The antimicrobial agent may comprise phenol, o-phenylphenol,
chloroxylenol, hexachlorophene, thymol, amylmetacresol, or a
mixture of two or more thereof. The antimicrobial agent may
comprise benzalkonuim chloride, cetyltrimethyl ammonium bromide,
cetylpyridinium chloride, benzethonium chloride, boric acid,
Brilliant green, chlorhexidine gluconate, tincture of iodine,
providone-iodine, mercurochrome, manuka honey, octenidine
dihydrochloride, polyhexamethylene biguamide, balsam of Peru, or a
mixture of two or more thereof. Many of these antimicrobial agents
may not be effective in the killing of spores on their own, but
when combined with hydrogen peroxide at the concentration levels
indicated above many of these antimicrobial agents are useful for
killing spores.
[0035] The aqueous composition (or second aqueous composition when
using a two-step process) may further comprise acetic acid,
sulfuric acid, or a mixture thereof. The concentration of acetic
acid may range up to about 60% by weight, or from about 0.001 to
about 60% by weight, or from about 0.001 to about 30% by weight, or
from about 0.001 to about 10% by weight, or from about 0.001 to
about 5% by weight, or from about 0.001 to about 2% by weight. The
concentration of sulfuric acid may range up to 3% by weight, or
from about 0.001 to about 2% by weight. The concentration of each
of these may be in the range up to about 1% by weight, or from
about 0.001 to about 1% by weight, or from about 0.001 to about
0.5% by weight, or from about 0.001 to about 0.3% by weight.

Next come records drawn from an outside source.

lemma inj_on_Kroot: "inj_on (Kroot n) {..<n div 2}"
proof
  fix k l assume k: "k \<in> {..<n div 2}" and l: "l \<in> {..<n div 2}" and eq: "Kroot n k = Kroot n l"
  have n: "real n > 0" using k by simp
  have "cos (Kangle n k) ^ 2 = cos (Kangle n l) ^ 2" using eq unfolding Kroot_def by simp
  then have "cos (Kangle n k) = cos (Kangle n l)"
    using cos_Kangle_bounds(1)[of k n] cos_Kangle_bounds(1)[of l n] k l
    by (simp add: power2_eq_iff_nonneg)
  moreover have "0 \<le> Kangle n k" "Kangle n k \<le> pi" "0 \<le> Kangle n l" "Kangle n l \<le> pi"
    using Kangle_bounds[of k n] Kangle_bounds[of l n] k l pi_gt_zero by auto
  ultimately have "Kangle n k = Kangle n l" using cos_inj_pi by blast
  then have "pi * real (2 * k + 1) = pi * real (2 * l + 1)"
    unfolding Kangle_def using n by (simp only: divide_cancel_right) simp
  then show "k = l" using pi_gt_zero by (simp only: mult_cancel_left) simp
qed

definition Kroots :: "nat \<Rightarrow> complex set" where
  "Kroots n = complex_of_real ` Kroot n ` {..<n div 2}"

lemma finite_Kroots: "finite (Kroots n)"
  by (simp add: Kroots_def)

lemma card_Kroots: "card (Kroots n) = n div 2"
  unfolding Kroots_def
  by (subst card_image) (auto simp: inj_on_def card_image[OF inj_on_Kroot])

lemma Kroots_bounds: "z \<in> Kroots n \<Longrightarrow> z \<in> \<real> \<and> 0 < Re z \<and> Re z < 4"
  by (auto simp: Kroots_def Kroot_bounds)

interpretation of_real_poly_hom: map_poly_inj_idom_hom complex_of_real ..

lemma proots_Kpoly: "proots (map_poly complex_of_real (Kpoly n)) = mset_set (Kroots n)"
proof (rule proots_eq_mset_set)
  show "map_poly complex_of_real (Kpoly n) \<noteq> 0" by (simp add: Kpoly_neq_0)
  show "finite (Kroots n)" by (rule finite_Kroots)
  show "Kroots n \<subseteq> {z. poly (map_poly complex_of_real (Kpoly n)) z = 0}"
    by (auto simp: Kroots_def poly_Kpoly_Kroot)
  show "degree (map_poly complex_of_real (Kpoly n)) \<le> card (Kroots n)"
    using degree_lead_coeff_Kpoly[of n] by (simp add: card_Kroots)
qed

lemma roots_Kpoly: "{z. poly (map_poly complex_of_real (Kpoly n)) z = 0} = Kroots n"
  using set_count_proots[of "map_poly complex_of_real (Kpoly n)"]
  by (simp add: proots_Kpoly Kpoly_neq_0 finite_Kroots)

lemma proots_calKpoly:
  assumes "3 \<le> n"
  shows "proots (map_poly complex_of_real (calKpoly n))
    = replicate_mset ((n + 1) div 2) 0 + mset_set (Kroots n)"
proof -
  have "map_poly complex_of_real (calKpoly n)
      = [:0, 1:] ^ ((n + 1) div 2) * map_poly complex_of_real (Kpoly n)"
    by (simp add: calKpoly_eq[OF assms] of_real_poly_hom.hom_mult of_real_poly_hom.hom_power)
  then show ?thesis
    by (simp add: proots_mult proots_power proots_Kpoly Kpoly_neq_0)
qed

lemma zero_notin_Kroots: "0 \<notin> Kroots n"
  using Kroots_bounds by fastforce

lemma calKpoly_complex_neq_0: "3 \<le> n \<Longrightarrow> map_poly complex_of_real (calKpoly n) \<noteq> 0"
  by (simp add: calKpoly_eq Kpoly_neq_0)

lemma roots_calKpoly:
  assumes "3 \<le> n"
  shows "{z. poly (map_poly complex_of_real (calKpoly n)) z = 0} = insert 0 (Kroots n)"
proof -
  have e: "(n + 1) div 2 \<noteq> 0" using assms by simp
  have "{z. poly (map_poly complex_of_real (calKpoly n)) z = 0}
      = set_mset (proots (map_poly complex_of_real (calKpoly n)))"
    using calKpoly_complex_neq_0[OF assms] by simp
  also have "\<dots> = set_mset (replicate_mset ((n + 1) div 2) 0) \<union> Kroots n"
    by (simp add: proots_calKpoly[OF assms] finite_Kroots)
  finally show ?thesis using e by simp
qed

lemma order_calKpoly:
  assumes "3 \<le> n"
  shows "order z (map_poly complex_of_real (calKpoly n))
    = (if z = 0 then (n + 1) div 2 else 0) + (if z \<in> Kroots n then 1 else 0)"
proof -
  have "order z (map_poly complex_of_real (calKpoly n))
      = count (proots (map_poly complex_of_real (calKpoly n))) z"
    using calKpoly_complex_neq_0[OF assms] by simp
  also have "\<dots> = count (replicate_mset ((n + 1) div 2) 0) z + count (mset_set (Kroots n)) z"
    by (simp add: proots_calKpoly[OF assms])
  finally show ?thesis by (simp add: finite_Kroots)
qed

theorem theorem3:
  shows "(\<forall>n. \<forall>z::complex. poly (map_poly complex_of_real (Kpoly n)) z = 0 \<longrightarrow>
            z \<in> \<real> \<and> 0 < Re z \<and> Re z < 4)
       \<and> (\<forall>n\<ge>3.
            (\<forall>z::complex. poly (map_poly complex_of_real (calKpoly n)) z = 0 \<longrightarrow>
               z \<in> \<real> \<and> 0 \<le> Re z \<and> Re z < 4)
          \<and> order 0 (map_poly complex_of_real (calKpoly n)) = (n + 1) div 2
          \<and> card {z::complex. z \<noteq> 0 \<and> poly (map_poly complex_of_real (calKpoly n)) z = 0} = n div 2
          \<and> (\<forall>z::complex. z \<noteq> 0 \<and> poly (map_poly complex_of_real (calKpoly n)) z = 0 \<longrightarrow>
               order z (map_poly complex_of_real (calKpoly n)) = 1))"
proof -
  let ?C = "\<lambda>n. map_poly complex_of_real (calKpoly n)"
  have part_a: "z \<in> \<real> \<and> 0 < Re z \<and> Re z < 4"
    if "poly (map_poly complex_of_real (Kpoly n)) z = 0" for n z
    using Kroots_bounds roots_Kpoly[of n] that by blast
  have roots: "z \<in> \<real> \<and> 0 \<le> Re z \<and> Re z < 4" if "3 \<le> n" "poly (?C n) z = 0" for n z
  proof -
    have "z = 0 \<or> z \<in> Kroots n" using roots_calKpoly[OF that(1)] that(2) by blast
    then show ?thesis by (auto dest: Kroots_bounds)
  qed
  have order_0: "order 0 (?C n) = (n + 1) div 2" if "3 \<le> n" for n
    using order_calKpoly[OF that, of 0] zero_notin_Kroots by simp
  have card: "card {z. z \<noteq> 0 \<and> poly (?C n) z = 0} = n div 2" if "3 \<le> n" for n
  proof -
    have "{z. z \<noteq> 0 \<and> poly (?C n) z = 0} = Kroots n"
      using roots_calKpoly[OF that] zero_notin_Kroots by blast
    then show ?thesis by (simp add: card_Kroots)
  qed
  have simple: "order z (?C n) = 1" if "3 \<le> n" "z \<noteq> 0" "poly (?C n) z = 0" for n z
  proof -
    have "z \<in> Kroots n" using roots_calKpoly[OF that(1)] that(2,3) by blast
    then show ?thesis using order_calKpoly[OF that(1), of z] that(2) by simp
  qed
  show ?thesis using part_a roots order_0 card simple by blast
qed

end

[0036] The aqueous composition (or second aqueous composition when
using a two-step process) may further comprise one or more
surfactants to provide the aqueous composition with surface active
properties, one or more buffers to provide buffering capability (pH
modulation), one or more corrosion inhibitors to provide corrosion
inhibiting properties, and/or one or more chelators to provide
chelation capacity (water softening).
[0037] The surfactant may comprise any compound that lowers surface
tension or provides greater wettability. The surfactant may
comprise one or more detergent, wetting agents, emulsifiers,
foaming agents and/or dispersants. The surfactant may comprise one
or more organic compounds that contain both hydrophobic groups and
hydrophilic groups. The surfactant may comprise both a water
insoluble component and a water soluble component. The surfactant
may comprise one or more anionic, cationic, zwitterionic and/or
nonionic compounds. The surfactant may comprise one or more
alkanolamines, alkylarylsulfonates, amine oxides,
poly(oxyalkylene)s, block copolymers comprising alkylene oxide
repeat units, carboxylated alcohol ethoxylates, ethoxylated
alcohols, alkyl phenols, ethoxylated alkyl phenols, ethoxylated
amines, ethoxylated amides, oxiranes, ethoxylated fatty acids,
ethoxylated fatty esters, ethoxylated oils, fatty esters, fatty
acid amides, glycerol esters, glycol esters, sorbitan, sorbitan
esters, imidazolines, lecithin, lignin, glycerides (e.g., mono-,
di- and/or triglyceride), olefin sulfonates, phosphate esters,
ethoxylated and/or propoxylated fatty acids and/or alcohols,
sucrose esters, sulfates and/or alcohols and/or ethoxylated
alcohols of fatty esters, sulfonates of dodecyl and/or tridecyl
benzenes, sulfosuccinates, dodecyl and/or tridecyl benzene sulfonic
acids, mixtures of two or more thereof, and the like. The
surfactant may comprise ethanolamine, triethanolamine,
octyldimethylamine oxide, nonylphenoxy poly(ethyleneoxy)ethanol,
polyalkylene glycol, or a mixture of two or more thereof.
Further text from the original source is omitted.